** TASK TO CARRY OUT **
One number is the whole answer: the tally of lines in the records that include the word "section".

-- Opening Marker --

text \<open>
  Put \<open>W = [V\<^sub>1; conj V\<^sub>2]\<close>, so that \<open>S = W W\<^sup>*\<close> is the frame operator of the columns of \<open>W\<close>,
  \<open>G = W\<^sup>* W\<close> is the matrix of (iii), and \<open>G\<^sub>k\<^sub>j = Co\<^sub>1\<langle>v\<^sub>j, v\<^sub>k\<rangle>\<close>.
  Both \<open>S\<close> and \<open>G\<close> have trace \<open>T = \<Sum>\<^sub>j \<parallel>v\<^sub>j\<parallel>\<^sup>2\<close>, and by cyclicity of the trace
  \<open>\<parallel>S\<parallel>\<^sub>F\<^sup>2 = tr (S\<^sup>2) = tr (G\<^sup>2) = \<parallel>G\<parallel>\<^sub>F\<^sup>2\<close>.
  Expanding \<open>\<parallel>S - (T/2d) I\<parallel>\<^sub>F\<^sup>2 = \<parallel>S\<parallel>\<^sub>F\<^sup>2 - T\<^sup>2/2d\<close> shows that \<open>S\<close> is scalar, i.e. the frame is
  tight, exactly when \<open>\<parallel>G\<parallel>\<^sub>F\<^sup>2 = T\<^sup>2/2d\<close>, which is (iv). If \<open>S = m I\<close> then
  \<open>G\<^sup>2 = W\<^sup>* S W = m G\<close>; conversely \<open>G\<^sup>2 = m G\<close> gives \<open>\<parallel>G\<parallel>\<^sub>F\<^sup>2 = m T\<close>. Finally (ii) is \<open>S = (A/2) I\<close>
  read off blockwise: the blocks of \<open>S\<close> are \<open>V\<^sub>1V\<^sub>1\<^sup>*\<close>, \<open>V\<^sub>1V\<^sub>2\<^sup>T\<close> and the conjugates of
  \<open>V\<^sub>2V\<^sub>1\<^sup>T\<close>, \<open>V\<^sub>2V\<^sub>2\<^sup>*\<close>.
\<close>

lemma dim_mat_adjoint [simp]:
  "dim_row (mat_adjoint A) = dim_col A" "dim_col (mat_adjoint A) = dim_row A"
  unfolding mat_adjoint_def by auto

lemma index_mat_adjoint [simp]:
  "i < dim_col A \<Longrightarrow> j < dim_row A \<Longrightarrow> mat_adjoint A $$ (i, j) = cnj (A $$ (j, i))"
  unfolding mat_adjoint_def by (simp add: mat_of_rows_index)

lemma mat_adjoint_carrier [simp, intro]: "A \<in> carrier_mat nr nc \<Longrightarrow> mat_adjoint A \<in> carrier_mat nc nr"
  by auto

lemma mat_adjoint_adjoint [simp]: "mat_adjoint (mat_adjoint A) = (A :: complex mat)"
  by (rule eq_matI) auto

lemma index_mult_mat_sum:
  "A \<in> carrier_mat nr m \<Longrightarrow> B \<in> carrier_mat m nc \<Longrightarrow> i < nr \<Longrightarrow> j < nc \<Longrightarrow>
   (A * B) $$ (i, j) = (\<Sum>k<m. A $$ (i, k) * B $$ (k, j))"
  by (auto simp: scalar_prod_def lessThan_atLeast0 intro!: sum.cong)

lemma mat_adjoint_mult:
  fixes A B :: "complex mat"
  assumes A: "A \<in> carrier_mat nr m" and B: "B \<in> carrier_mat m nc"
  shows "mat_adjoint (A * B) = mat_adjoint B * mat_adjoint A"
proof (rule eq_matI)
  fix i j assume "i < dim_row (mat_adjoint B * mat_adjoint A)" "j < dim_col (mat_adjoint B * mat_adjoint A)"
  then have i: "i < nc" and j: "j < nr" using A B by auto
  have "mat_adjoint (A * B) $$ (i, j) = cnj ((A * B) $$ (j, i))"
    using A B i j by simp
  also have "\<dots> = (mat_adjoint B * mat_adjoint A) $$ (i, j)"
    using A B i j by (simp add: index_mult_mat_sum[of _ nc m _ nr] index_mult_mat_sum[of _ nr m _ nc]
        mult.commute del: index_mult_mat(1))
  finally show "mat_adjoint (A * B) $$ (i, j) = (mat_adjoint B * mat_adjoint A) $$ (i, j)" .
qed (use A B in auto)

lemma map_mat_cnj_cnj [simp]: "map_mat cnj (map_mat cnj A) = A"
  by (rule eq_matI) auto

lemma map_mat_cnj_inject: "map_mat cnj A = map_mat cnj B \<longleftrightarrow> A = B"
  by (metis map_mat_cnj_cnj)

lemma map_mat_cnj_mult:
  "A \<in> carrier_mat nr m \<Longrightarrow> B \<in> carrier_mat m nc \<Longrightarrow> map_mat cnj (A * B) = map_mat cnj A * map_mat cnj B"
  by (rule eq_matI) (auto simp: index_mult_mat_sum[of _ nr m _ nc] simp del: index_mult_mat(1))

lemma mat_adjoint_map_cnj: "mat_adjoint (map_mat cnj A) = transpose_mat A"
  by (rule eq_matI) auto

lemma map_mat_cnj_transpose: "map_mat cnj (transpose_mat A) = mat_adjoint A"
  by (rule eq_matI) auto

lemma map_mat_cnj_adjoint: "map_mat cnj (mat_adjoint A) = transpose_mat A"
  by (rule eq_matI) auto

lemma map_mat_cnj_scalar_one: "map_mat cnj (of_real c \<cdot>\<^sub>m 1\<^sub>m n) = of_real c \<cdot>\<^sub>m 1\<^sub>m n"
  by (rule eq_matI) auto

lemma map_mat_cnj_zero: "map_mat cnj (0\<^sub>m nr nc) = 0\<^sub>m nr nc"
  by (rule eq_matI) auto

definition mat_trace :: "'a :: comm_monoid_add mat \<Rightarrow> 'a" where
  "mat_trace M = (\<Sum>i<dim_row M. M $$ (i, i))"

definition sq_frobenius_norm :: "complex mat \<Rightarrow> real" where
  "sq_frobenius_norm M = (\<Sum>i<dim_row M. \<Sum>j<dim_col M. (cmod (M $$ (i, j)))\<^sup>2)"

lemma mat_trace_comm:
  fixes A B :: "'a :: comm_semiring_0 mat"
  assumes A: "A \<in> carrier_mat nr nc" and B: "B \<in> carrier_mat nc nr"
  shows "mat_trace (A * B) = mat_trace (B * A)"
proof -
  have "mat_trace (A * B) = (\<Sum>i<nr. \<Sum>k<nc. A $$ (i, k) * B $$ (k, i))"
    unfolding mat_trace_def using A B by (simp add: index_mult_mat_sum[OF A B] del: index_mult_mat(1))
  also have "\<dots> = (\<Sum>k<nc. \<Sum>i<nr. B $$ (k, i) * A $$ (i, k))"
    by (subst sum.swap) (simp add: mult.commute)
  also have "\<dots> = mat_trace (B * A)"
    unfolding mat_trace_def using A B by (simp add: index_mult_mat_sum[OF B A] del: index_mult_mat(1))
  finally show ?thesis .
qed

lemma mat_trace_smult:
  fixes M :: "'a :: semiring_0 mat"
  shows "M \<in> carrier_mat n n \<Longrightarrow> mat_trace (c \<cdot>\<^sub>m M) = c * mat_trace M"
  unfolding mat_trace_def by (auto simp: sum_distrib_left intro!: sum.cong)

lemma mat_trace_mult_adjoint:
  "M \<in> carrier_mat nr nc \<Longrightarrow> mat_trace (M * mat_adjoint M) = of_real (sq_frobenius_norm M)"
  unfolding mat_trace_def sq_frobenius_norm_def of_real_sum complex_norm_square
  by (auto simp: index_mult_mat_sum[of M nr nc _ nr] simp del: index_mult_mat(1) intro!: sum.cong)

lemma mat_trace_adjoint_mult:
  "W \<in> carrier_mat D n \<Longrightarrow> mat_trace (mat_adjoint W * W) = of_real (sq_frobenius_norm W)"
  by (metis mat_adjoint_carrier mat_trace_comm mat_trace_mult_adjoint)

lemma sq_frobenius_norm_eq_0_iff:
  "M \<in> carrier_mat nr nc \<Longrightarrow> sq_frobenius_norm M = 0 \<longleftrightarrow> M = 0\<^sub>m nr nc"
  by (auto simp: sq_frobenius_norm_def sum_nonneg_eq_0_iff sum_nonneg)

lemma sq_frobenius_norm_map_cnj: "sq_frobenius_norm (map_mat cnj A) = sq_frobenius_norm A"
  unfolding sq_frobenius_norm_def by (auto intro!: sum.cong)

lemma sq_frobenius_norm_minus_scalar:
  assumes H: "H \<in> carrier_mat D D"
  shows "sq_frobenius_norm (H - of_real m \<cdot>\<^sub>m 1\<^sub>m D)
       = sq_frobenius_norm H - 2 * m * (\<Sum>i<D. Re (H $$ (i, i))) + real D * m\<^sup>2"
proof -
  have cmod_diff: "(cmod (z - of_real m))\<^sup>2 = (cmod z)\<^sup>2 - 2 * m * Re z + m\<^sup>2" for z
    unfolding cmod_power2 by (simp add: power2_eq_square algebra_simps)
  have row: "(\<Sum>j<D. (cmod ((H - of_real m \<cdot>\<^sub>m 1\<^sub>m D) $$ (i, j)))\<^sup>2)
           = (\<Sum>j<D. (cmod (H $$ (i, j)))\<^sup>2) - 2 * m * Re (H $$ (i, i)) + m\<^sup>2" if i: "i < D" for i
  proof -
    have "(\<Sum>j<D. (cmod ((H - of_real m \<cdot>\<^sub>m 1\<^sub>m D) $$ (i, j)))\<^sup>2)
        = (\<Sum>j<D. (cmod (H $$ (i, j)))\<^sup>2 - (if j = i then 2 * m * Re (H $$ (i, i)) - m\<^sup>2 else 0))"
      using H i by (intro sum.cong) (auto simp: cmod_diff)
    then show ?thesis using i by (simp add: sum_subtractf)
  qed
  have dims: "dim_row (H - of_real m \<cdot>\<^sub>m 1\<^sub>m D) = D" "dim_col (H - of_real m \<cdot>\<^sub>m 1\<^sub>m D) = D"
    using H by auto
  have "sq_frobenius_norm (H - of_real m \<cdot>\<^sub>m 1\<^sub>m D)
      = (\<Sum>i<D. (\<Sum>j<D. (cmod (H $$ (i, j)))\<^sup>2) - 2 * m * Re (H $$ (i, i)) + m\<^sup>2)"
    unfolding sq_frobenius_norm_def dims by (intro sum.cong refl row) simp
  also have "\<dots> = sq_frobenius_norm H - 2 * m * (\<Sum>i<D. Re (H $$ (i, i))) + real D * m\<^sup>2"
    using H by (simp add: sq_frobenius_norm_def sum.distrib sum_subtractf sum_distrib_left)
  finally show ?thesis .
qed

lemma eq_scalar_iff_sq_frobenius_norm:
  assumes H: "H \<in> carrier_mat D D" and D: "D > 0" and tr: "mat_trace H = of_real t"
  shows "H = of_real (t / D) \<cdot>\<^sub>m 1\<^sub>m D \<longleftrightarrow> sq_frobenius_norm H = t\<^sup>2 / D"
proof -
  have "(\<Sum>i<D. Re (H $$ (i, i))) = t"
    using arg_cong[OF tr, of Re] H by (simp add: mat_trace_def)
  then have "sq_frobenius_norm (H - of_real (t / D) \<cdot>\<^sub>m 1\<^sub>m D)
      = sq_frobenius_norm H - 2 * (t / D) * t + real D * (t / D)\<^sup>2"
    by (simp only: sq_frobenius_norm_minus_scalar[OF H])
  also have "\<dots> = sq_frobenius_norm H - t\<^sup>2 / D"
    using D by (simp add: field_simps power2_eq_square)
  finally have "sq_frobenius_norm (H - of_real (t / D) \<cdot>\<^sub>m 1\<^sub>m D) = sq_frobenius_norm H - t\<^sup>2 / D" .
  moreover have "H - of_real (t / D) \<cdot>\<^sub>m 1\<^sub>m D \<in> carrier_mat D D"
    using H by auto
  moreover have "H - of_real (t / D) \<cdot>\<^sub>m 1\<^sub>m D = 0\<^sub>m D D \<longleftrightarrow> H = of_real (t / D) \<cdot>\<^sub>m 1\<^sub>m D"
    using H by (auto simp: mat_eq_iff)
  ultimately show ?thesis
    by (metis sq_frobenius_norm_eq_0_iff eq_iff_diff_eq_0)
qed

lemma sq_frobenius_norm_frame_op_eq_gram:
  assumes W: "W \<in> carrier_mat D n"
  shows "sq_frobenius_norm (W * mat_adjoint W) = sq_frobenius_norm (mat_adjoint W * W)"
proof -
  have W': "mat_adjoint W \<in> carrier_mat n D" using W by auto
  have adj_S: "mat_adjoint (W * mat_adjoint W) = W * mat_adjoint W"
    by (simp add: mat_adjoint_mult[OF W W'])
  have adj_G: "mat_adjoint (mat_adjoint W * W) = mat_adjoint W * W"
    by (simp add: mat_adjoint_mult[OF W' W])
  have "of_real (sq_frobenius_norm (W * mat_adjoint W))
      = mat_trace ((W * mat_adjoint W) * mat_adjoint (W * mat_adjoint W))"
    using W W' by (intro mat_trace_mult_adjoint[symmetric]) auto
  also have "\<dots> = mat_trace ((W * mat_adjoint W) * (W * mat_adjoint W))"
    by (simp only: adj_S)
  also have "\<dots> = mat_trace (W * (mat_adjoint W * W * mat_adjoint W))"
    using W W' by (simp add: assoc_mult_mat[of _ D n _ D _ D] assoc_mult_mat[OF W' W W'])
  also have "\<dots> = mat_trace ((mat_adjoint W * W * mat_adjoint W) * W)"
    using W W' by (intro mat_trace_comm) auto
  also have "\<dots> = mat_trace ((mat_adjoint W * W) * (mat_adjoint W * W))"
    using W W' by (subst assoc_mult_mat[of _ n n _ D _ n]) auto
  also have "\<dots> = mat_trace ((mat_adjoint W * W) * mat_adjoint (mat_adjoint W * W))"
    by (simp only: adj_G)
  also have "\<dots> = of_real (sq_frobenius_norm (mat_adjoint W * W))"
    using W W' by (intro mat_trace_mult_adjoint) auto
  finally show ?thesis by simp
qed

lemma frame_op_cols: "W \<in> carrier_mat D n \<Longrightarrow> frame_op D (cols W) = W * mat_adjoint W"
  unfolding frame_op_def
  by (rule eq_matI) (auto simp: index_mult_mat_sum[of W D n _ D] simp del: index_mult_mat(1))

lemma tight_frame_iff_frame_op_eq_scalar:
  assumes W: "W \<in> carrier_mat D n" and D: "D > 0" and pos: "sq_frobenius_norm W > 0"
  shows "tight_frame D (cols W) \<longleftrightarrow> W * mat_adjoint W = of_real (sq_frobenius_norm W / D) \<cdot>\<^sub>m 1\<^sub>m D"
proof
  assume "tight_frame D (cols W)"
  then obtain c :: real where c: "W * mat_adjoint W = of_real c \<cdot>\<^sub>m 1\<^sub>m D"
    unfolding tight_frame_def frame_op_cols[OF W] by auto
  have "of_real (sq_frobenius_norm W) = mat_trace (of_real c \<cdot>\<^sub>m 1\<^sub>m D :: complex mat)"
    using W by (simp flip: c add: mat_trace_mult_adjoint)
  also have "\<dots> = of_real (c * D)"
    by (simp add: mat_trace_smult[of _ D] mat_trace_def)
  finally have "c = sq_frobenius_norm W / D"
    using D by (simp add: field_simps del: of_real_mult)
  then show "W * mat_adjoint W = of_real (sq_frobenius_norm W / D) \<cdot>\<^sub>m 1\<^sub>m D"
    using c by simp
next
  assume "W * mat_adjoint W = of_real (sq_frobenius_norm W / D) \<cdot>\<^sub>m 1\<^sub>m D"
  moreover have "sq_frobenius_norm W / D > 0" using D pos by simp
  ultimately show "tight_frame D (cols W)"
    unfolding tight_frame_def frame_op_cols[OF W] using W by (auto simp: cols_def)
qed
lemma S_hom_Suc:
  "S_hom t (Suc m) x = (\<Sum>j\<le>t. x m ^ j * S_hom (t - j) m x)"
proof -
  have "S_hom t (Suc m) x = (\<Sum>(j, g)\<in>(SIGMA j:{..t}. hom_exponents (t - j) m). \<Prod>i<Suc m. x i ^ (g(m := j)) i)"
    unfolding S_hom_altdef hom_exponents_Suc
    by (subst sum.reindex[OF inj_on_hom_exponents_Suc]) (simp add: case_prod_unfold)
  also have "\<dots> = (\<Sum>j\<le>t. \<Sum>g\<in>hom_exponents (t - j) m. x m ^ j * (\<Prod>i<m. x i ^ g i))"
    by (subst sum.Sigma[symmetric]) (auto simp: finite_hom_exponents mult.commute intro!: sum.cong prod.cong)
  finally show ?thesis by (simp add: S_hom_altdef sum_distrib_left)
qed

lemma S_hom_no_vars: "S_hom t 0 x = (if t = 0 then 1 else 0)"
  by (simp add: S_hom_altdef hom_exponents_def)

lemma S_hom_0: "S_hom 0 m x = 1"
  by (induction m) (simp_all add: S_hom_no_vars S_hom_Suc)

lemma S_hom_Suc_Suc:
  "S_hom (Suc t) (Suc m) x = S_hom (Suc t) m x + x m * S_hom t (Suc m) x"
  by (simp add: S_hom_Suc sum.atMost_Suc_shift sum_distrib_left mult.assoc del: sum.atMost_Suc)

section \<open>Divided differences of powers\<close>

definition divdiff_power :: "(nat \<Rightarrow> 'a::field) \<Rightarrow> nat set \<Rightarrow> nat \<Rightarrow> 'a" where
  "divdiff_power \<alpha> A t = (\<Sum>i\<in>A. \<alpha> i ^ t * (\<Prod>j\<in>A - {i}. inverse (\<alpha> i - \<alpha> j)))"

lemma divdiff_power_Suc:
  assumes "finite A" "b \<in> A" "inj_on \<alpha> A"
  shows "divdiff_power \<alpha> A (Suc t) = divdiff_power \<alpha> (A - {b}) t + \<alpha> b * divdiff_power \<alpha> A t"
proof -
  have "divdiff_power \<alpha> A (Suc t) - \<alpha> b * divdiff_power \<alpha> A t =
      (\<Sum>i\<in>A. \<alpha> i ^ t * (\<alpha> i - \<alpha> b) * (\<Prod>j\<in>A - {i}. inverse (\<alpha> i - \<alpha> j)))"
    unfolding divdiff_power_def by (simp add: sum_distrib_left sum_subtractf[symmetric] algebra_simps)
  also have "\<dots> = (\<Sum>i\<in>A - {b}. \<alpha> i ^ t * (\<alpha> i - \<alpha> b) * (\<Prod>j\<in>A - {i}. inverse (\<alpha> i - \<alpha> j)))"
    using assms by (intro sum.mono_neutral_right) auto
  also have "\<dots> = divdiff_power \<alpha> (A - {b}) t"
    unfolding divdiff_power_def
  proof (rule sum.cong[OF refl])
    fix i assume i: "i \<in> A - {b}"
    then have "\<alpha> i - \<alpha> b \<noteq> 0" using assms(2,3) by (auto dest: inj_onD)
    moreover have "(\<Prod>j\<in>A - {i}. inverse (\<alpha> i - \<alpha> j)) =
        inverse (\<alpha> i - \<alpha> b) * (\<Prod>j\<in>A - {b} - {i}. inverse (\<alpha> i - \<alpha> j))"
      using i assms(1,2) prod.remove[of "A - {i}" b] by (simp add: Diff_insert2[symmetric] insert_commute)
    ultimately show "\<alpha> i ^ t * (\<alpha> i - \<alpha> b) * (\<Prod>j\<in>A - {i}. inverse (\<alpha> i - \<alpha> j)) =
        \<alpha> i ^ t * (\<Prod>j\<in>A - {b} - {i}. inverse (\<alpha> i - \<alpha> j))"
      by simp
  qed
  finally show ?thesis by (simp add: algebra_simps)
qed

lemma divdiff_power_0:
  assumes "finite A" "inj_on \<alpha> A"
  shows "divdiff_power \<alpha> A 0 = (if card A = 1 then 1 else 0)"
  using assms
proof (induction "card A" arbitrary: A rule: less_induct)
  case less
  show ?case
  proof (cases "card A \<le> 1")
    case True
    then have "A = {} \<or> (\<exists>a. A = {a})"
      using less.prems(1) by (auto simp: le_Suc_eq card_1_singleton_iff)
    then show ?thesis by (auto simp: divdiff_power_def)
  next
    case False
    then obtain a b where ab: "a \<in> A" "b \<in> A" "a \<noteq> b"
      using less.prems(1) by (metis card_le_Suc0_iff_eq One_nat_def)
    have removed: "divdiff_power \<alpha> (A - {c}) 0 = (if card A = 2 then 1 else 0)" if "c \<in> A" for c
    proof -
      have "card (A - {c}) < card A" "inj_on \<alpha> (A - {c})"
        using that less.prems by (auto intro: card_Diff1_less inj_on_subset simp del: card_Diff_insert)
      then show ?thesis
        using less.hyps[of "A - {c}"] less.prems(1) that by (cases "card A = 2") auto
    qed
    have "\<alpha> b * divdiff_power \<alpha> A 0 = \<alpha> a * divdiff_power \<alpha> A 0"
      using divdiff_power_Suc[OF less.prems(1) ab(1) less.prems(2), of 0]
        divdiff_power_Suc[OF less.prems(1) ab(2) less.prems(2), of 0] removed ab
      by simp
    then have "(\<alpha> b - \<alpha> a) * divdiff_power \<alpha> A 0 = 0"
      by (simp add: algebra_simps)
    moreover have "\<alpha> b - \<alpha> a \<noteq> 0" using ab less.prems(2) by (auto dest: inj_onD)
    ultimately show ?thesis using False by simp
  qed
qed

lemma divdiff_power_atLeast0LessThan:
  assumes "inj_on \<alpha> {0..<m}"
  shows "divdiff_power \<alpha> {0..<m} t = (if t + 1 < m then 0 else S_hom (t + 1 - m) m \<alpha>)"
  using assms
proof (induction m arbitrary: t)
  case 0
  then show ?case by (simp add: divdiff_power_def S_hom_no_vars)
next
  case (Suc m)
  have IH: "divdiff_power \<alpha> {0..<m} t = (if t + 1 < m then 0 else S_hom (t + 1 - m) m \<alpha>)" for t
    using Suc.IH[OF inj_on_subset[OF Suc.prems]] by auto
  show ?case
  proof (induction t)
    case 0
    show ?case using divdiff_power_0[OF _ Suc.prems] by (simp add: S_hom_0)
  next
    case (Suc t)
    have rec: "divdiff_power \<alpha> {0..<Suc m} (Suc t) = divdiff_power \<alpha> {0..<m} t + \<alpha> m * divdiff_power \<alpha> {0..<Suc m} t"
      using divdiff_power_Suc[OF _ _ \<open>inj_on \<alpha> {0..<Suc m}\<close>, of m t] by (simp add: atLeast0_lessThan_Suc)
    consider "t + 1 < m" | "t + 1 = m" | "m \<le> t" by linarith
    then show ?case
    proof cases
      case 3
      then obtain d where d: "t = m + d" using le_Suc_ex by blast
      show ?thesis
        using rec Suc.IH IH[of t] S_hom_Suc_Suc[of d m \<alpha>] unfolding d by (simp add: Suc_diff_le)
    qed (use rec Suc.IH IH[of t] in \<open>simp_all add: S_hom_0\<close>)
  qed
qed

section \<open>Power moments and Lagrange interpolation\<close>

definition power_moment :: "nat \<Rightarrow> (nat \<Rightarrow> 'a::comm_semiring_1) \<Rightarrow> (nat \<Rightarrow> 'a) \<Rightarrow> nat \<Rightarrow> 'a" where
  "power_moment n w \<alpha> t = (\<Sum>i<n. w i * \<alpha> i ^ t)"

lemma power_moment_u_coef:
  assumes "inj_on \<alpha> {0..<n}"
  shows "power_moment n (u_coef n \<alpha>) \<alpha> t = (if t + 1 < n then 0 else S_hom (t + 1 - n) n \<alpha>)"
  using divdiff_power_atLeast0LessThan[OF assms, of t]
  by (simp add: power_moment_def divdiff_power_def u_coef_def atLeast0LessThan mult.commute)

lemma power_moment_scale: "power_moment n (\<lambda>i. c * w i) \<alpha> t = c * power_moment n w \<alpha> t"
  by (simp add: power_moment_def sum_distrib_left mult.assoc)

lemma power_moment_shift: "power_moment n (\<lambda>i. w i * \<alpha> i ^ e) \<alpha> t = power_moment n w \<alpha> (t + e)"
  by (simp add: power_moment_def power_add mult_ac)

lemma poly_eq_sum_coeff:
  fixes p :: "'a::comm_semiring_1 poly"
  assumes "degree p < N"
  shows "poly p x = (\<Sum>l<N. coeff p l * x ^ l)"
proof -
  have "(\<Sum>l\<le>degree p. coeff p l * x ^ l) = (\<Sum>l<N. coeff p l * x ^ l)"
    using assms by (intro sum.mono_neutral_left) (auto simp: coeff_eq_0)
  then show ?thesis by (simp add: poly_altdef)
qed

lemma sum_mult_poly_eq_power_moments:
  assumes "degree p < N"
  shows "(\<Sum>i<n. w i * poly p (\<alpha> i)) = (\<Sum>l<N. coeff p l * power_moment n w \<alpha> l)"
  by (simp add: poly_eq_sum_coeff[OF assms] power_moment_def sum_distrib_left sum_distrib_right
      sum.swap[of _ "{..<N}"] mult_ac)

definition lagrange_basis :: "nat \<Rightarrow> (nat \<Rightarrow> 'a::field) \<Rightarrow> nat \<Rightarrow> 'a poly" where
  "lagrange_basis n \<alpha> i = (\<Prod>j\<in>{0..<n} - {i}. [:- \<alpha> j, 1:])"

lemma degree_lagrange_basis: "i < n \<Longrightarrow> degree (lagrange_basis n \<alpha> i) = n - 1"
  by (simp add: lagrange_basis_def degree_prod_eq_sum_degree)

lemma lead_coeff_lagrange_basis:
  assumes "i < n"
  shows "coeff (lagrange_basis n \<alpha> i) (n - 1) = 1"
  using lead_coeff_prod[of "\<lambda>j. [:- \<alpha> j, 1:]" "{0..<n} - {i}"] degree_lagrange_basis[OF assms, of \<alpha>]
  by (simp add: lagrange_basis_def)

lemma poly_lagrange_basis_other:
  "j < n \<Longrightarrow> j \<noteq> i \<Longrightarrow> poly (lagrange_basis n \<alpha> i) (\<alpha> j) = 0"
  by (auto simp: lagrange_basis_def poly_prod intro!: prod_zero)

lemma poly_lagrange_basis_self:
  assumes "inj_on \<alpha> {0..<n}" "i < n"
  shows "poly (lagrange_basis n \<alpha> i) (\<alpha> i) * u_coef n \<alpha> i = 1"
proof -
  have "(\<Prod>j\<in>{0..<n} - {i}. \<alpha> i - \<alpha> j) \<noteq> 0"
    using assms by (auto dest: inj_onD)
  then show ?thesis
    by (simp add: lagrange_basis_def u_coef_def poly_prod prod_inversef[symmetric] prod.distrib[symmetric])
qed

-- Closing Marker --

** EXPECTED OUTPUT **
2